A total of 921 PCOS women underwent IVM between April 2014 and October 2016 (mean age 28.9 ± 3.5 years, body mass index [BMI] 21.8±3.1 kg/m², infertility duration 3.7±2.6 years) (Fig. 1, Table 1), The majority of women had primary infertility, were undergoing their first IVF attempt, and had ovulation induction failure as the indication for IVM (Table 1).

Table 1

Demographic and clinical characteristics of participants at baseline

Characteristics	Participants (n = 921)
Age, years	28.9 ± 3.5
Body mass index, kg/m²	21.8 ± 3.1
Anti-Müllerian hormone, ng/mL	12.3 ± 3.6
Antral follicle count, n	34.3 ± 18.3
Follicle-stimulating hormone^a, IU/mL	8.5 ± 1.9
Progesterone^a, ng/mL	0.7 ± 1.8
Luteinizing hormone^a, IU/L	14.3 ± 6.9
Free testosterone index^a	5.2 ± 4.7
Menstrual cycles, n (%)
Amenorrhea	52 (5.6)
Oligomenorrhea	850 (92.3)
Regular	19 (2.0)
Polycystic ovaries on ultrasound, n (%)
Both ovaries	777 (84.4)
One ovary	144 (15.6)
Duration of infertility, years	3.7 ± 2.6
Type of infertility, n (%)
Primary	747 (81.1)
Secondary	174 (18.9)
Number of IVF attempts, n, (%)
1	814 (88.4)
2	80 (8.7)
3	27 (2.9)
Indications for IVM, n (%)
Tubal factors	18 (2.0)
Male factors	13 (1.4)
Ovulation induction failure	862 (93.6)
Previous OHSS with COH	18 (2.0)
Other	10 (1.1)

Values are mean ± standard deviation, or number of women (%)

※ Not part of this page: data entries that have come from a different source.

lemma Max_sum_subsets_antimono:
  fixes a :: "nat \<Rightarrow> 'b::{ordered_comm_monoid_add, linorder}"
  assumes "antimono_on {1..K} a" "j \<le> K"
  shows "Max ((\<lambda>J. \<Sum>i\<in>J. a i) ` {J. J \<subseteq> {1..K} \<and> card J = j}) = (\<Sum>i=1..j. a i)"
proof -
  have sorted_id: "sort (map (\<lambda>i. i) [1..<K+1]) = [1..<K+1]" by (simp del: upt_Suc)
  have "Max ((\<lambda>J. \<Sum>i\<in>J. a i) ` {J. J \<subseteq> {1..K} \<and> card J = j})
      = (\<Sum>i<j. a (sort (map (\<lambda>i. i) [1..<K+1]) ! i))"
    using sum_sorted_prefix_eq_Max[where u="\<lambda>i. i" and h=a, OF upt_indices(1),
        unfolded upt_indices image_ident] assms by simp
  also have "\<dots> = (\<Sum>i<j. a (Suc i))"
    unfolding sorted_id using assms(2) by (intro sum.cong) (auto simp del: upt_Suc)
  finally show ?thesis by (simp add: sum_bounds_lt_plus1)
qed

lemma sorted_prefix_ln_div_tendsto:
  fixes u :: "nat \<Rightarrow> nat \<Rightarrow> real" and n :: "nat \<Rightarrow> real"
  assumes "j \<le> K" "\<And>m i. i \<in> {1..K} \<Longrightarrow> 0 < u m i"
    and "\<And>i. i \<in> {1..K} \<Longrightarrow> (\<lambda>m. - 2 * ln (u m i) / n m) \<longlonglongrightarrow> a i"
    and "antimono_on {1..K} a" "\<forall>\<^sub>F m in sequentially. 0 < n m"
  shows "(\<lambda>m. - 2 * (\<Sum>i<j. ln (sort (map (u m) [1..<K+1]) ! i)) / n m) \<longlonglongrightarrow> (\<Sum>i=1..j. a i)"
proof -
  let ?subsets = "{J. J \<subseteq> {1..K} \<and> card J = j}"
  have "(\<lambda>m. Max ((\<lambda>J. \<Sum>i\<in>J. - 2 * ln (u m i) / n m) ` ?subsets))
      \<longlonglongrightarrow> Max ((\<lambda>J. \<Sum>i\<in>J. a i) ` ?subsets)"
  proof (rule tendsto_Max_image)
    have "{1..j} \<in> ?subsets" using assms(1) by auto
    then show "?subsets \<noteq> {}" by blast
  qed (use assms(3) in \<open>auto simp: finite_subsets_card intro!: tendsto_sum\<close>)
  moreover have "\<forall>\<^sub>F m in sequentially.
      Max ((\<lambda>J. \<Sum>i\<in>J. - 2 * ln (u m i) / n m) ` ?subsets)
        = - 2 * (\<Sum>i<j. ln (sort (map (u m) [1..<K+1]) ! i)) / n m"
    using assms(5)
  proof eventually_elim
    case (elim m)
    have "antimono_on (u m ` {1..K}) (\<lambda>y. - 2 * ln y / n m)"
      using elim assms(2) by (intro monotone_onI) (auto intro: divide_right_mono)
    then have "(\<Sum>i<j. - 2 * ln (sort (map (u m) [1..<K+1]) ! i) / n m)
        = Max ((\<lambda>J. \<Sum>i\<in>J. - 2 * ln (u m i) / n m) ` ?subsets)"
      using sum_sorted_prefix_eq_Max[OF upt_indices(1), unfolded upt_indices] assms(1) by simp
    then show ?case by (simp add: sum_distrib_left sum_divide_distrib)
  qed
  ultimately show ?thesis
    using Max_sum_subsets_antimono[OF assms(4,1)] by (simp add: Lim_transform_eventually)
qed

lemma TA_div_tendsto:
  fixes u :: "nat \<Rightarrow> nat \<Rightarrow> real" and n :: "nat \<Rightarrow> real"
  assumes "1 \<le> K" "\<And>m i. i \<in> {1..K} \<Longrightarrow> 0 < u m i"
    and "\<And>i. i \<in> {1..K} \<Longrightarrow> (\<lambda>m. - 2 * ln (u m i) / n m) \<longlonglongrightarrow> a i"
    and "antimono_on {1..K} a" "filterlim n at_top sequentially"
  shows "(\<lambda>m. TA K A B (u m) / n m) \<longlonglongrightarrow> Max ((\<lambda>j. (\<Sum>i=1..j. a i) / B j) ` {1..K})"
proof -
  define S where "S m j = - 2 * (\<Sum>i<j. ln (sort (map (u m) [1..<K+1]) ! i))" for m j
  have n_pos: "\<forall>\<^sub>F m in sequentially. 0 < n m" using assms(5) filterlim_at_top_dense by blast
  have A_vanish: "(\<lambda>m. A j / n m) \<longlonglongrightarrow> 0" for j
    by (rule tendsto_divide_0[OF tendsto_const filterlim_at_top_imp_at_infinity[OF assms(5)]])
  have "(\<lambda>m. (S m j / n m - A j / n m) / B j) \<longlonglongrightarrow> ((\<Sum>i=1..j. a i) - 0) / B j"
    if "j \<in> {1..K}" for j
  proof -
    have "(\<lambda>m. S m j / n m) \<longlonglongrightarrow> (\<Sum>i=1..j. a i)"
      using sorted_prefix_ln_div_tendsto[of j K u n a, folded S_def] that assms(2-4) n_pos by simp
    from tendsto_mult_right[OF tendsto_diff[OF this A_vanish], where c="inverse (B j)"]
    show ?thesis by (simp add: divide_inverse)
  qed
  then have "(\<lambda>m. Max ((\<lambda>j. (S m j / n m - A j / n m) / B j) ` {1..K}))
      \<longlonglongrightarrow> Max ((\<lambda>j. ((\<Sum>i=1..j. a i) - 0) / B j) ` {1..K})"
    using assms(1) by (intro tendsto_Max_image) auto
  moreover have "\<forall>\<^sub>F m in sequentially.
      Max ((\<lambda>j. (S m j / n m - A j / n m) / B j) ` {1..K}) = TA K A B (u m) / n m"
    using n_pos
  proof eventually_elim
    case (elim m)
    have "TA K A B (u m) / n m = Max ((\<lambda>y. y / n m) ` (\<lambda>j. (S m j - A j) / B j) ` {1..K})"
      unfolding TA_def S_def using elim assms(1)
      by (intro mono_Max_commute monoI divide_right_mono) auto
    also have "\<dots> = Max ((\<lambda>j. (S m j / n m - A j / n m) / B j) ` {1..K})"
      unfolding image_image by (simp add: diff_divide_distrib mult.commute)
    finally show ?case by simp
  qed
  ultimately have "(\<lambda>m. TA K A B (u m) / n m)
      \<longlonglongrightarrow> Max ((\<lambda>j. ((\<Sum>i=1..j. a i) - 0) / B j) ` {1..K})"
    by (rule Lim_transform_eventually)
  then show ?thesis by simp
qed

section \<open>The exact slope\<close>

lemma Max_image_eq_Max_prefix:
  fixes g :: "nat \<Rightarrow> 'a::linorder"
  assumes "1 \<le> l" "l \<le> K" "\<And>j. j \<in> {l..K} \<Longrightarrow> g j \<le> g l"
  shows "Max (g ` {1..K}) = Max (g ` {1..l})"
proof (rule antisym)
  show "Max (g ` {1..K}) \<le> Max (g ` {1..l})"
  proof (rule Max.boundedI)
    fix y assume "y \<in> g ` {1..K}"
    then obtain j where j: "j \<in> {1..K}" "y = g j" by blast
    show "y \<le> Max (g ` {1..l})"
    proof (cases "j \<le> l")
      case True
      then show ?thesis using j by (intro Max_ge) auto
    next
      case False
      then have "y \<le> g l" using j assms(3) by auto
      also have "\<dots> \<le> Max (g ` {1..l})" using assms(1) by (intro Max_ge) auto
      finally show ?thesis .
    qed
  qed (use assms(1,2) in auto)
qed (use assms(1,2) in \<open>auto intro: Max_mono\<close>)

lemma scaled_partial_sum_lt_sum:
  fixes a B :: "nat \<Rightarrow> real"
  assumes "1 < l" "j \<in> {1..l}" "\<And>i. i \<in> {1..l} \<Longrightarrow> 0 < a i"
    and "\<And>j. j \<in> {1..l} \<Longrightarrow> 0 < B j" "strict_mono_on {1..l} B"
  shows "B 1 / B j * (\<Sum>i=1..j. a i) < (\<Sum>i=1..l. a i)"
proof (cases "j = l")
  case True
  have "B 1 < B l" using assms(1) by (intro strict_mono_onD[OF assms(5)]) auto
  then have "B 1 / B l < 1" using assms(1,4) by simp
  moreover have "0 < (\<Sum>i=1..l. a i)" using assms(1,3) by (intro sum_pos) auto
  ultimately show ?thesis using True mult_strict_right_mono by fastforce
next
  case False
  have "B 1 \<le> B j" using assms(2) by (auto intro: strict_mono_on_leD[OF assms(5)])
  moreover have "0 \<le> (\<Sum>i=1..j. a i)" using assms(2,3) by (intro sum_nonneg) (auto simp: less_imp_le)
  moreover have "0 < B 1" "0 < B j" using assms(1,2,4) by auto
  ultimately have "B 1 / B j * (\<Sum>i=1..j. a i) \<le> (\<Sum>i=1..j. a i)"
    by (intro mult_left_le_one_le) auto
  also have "\<dots> < (\<Sum>i=1..j. a i) + a l" using assms(1,3) by simp
  also have "\<dots> = (\<Sum>i\<in>insert l {1..j}. a i)" using False assms(2) by simp
  also have "\<dots> \<le> (\<Sum>i=1..l. a i)"
    using assms(1-3) by (intro sum_mono2) (auto simp: less_imp_le)
  finally show ?thesis .
qed

lemma Max_scaled_partial_sums_eq_sum_iff:
  fixes a B :: "nat \<Rightarrow> real"
  assumes "1 \<le> l" "\<And>i. i \<in> {1..l} \<Longrightarrow> 0 < a i"
    and "\<And>j. j \<in> {1..l} \<Longrightarrow> 0 < B j" "strict_mono_on {1..l} B"
  shows "Max ((\<lambda>j. B 1 / B j * (\<Sum>i=1..j. a i)) ` {1..l}) = (\<Sum>i=1..l. a i) \<longleftrightarrow> l = 1"
proof
  assume max_eq: "Max ((\<lambda>j. B 1 / B j * (\<Sum>i=1..j. a i)) ` {1..l}) = (\<Sum>i=1..l. a i)"
  show "l = 1"
  proof (rule ccontr)
    assume "l \<noteq> 1"
    then have "1 < l" using assms(1) by simp
    have "Max ((\<lambda>j. B 1 / B j * (\<Sum>i=1..j. a i)) ` {1..l})
        \<in> (\<lambda>j. B 1 / B j * (\<Sum>i=1..j. a i)) ` {1..l}"
      using assms(1) by (intro Max_in finite_imageI) auto
    then obtain j where j: "j \<in> {1..l}"
      "Max ((\<lambda>j. B 1 / B j * (\<Sum>i=1..j. a i)) ` {1..l}) = B 1 / B j * (\<Sum>i=1..j. a i)"
      by blast
    have "B 1 / B j * (\<Sum>i=1..j. a i) < (\<Sum>i=1..l. a i)"
      using \<open>1 < l\<close> j(1) assms(2-4) by (intro scaled_partial_sum_lt_sum) auto
    with j(2) max_eq show False by simp
  qed
next
  assume "l = 1"
  then show "Max ((\<lambda>j. B 1 / B j * (\<Sum>i=1..j. a i)) ` {1..l}) = (\<Sum>i=1..l. a i)"
    using assms(3)[of 1] by simp
qed

lemma Max_scaled_partial_sums_eq_prefix:
  fixes a B :: "nat \<Rightarrow> real"
  assumes "1 \<le> l" "l \<le> K" "\<And>i. i \<in> {1..l} \<Longrightarrow> 0 \<le> a i" "\<And>i. i \<in> {l<..K} \<Longrightarrow> a i = 0"
    and "\<And>j. j \<in> {1..K} \<Longrightarrow> 0 < B j" "mono_on {1..K} B"
  shows "B 1 * Max ((\<lambda>j. (\<Sum>i=1..j. a i) / B j) ` {1..K})
           = Max ((\<lambda>j. B 1 / B j * (\<Sum>i=1..j. a i)) ` {1..l})"
proof -
  have B1: "0 < B 1" using assms(1,2,5) by auto
  have "B 1 * Max ((\<lambda>j. (\<Sum>i=1..j. a i) / B j) ` {1..K})
      = Max ((\<lambda>j. B 1 / B j * (\<Sum>i=1..j. a i)) ` {1..K})"
    using assms(1,2) B1
    by (subst mono_Max_commute[where f="\<lambda>y. B 1 * y"]) (auto intro: monoI simp: image_image)
  also have "\<dots> = Max ((\<lambda>j. B 1 / B j * (\<Sum>i=1..j. a i)) ` {1..l})"
  proof (rule Max_image_eq_Max_prefix[OF assms(1,2)])
    fix j assume j: "j \<in> {l..K}"
    have sum_eq: "(\<Sum>i=1..j. a i) = (\<Sum>i=1..l. a i)"
      using j assms(4) by (intro sum.mono_neutral_right) auto
    have "B l \<le> B j" "0 < B l" using j assms(1,5) by (auto intro: mono_onD[OF assms(6)])
    then have "B 1 / B j \<le> B 1 / B l" using B1 by (intro divide_left_mono) auto
    moreover have "0 \<le> (\<Sum>i=1..l. a i)" using assms(3) by (intro sum_nonneg) auto
    ultimately show "B 1 / B j * (\<Sum>i=1..j. a i) \<le> B 1 / B l * (\<Sum>i=1..l. a i)"
      unfolding sum_eq by (rule mult_right_mono)
  qed
  finally show ?thesis .
qed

COH, controlled ovarian hyperstimulation, IVF in vitro fertilization, IVM in vitro maturation, OHSS ovarian hyperstimulation syndrome

^aHormone levels were assessed at the first physician visit, on the second day of progestogen-induced bleeding

Controlled ovarian stimulation

The mean number of oocytes retrieved per woman was almost 15, nearly all embryos were Day 2, and maturation and fertilization rates were both approaching 70% (Table 2). The proportion of oocytes that were mature at the time of collection was about 7% (Table 2). No cases of OHSS were recorded.

Table 2

Laboratory outcomes

	Participants (n = 921)
Number of oocytes retrieved^a	14.9 ± 8.9
Number of oocytes matured at collection	1.1 ± 2.3
Proportion of mature oocytes at collection, %	7.2 ± 14.5
Maturation rate, %	71.2 ± 14.5
Fertilization rate, %	68.2 ± 22.1
Number of embryos^b	6.0 ± 3.6
Stage of embryos, n (%)
Day 2	908 (98.6)
Day 3	9 (1.0)
Number of frozen embryos	1.5 ± 2.2

Values are mean ± standard deviation, or number (%)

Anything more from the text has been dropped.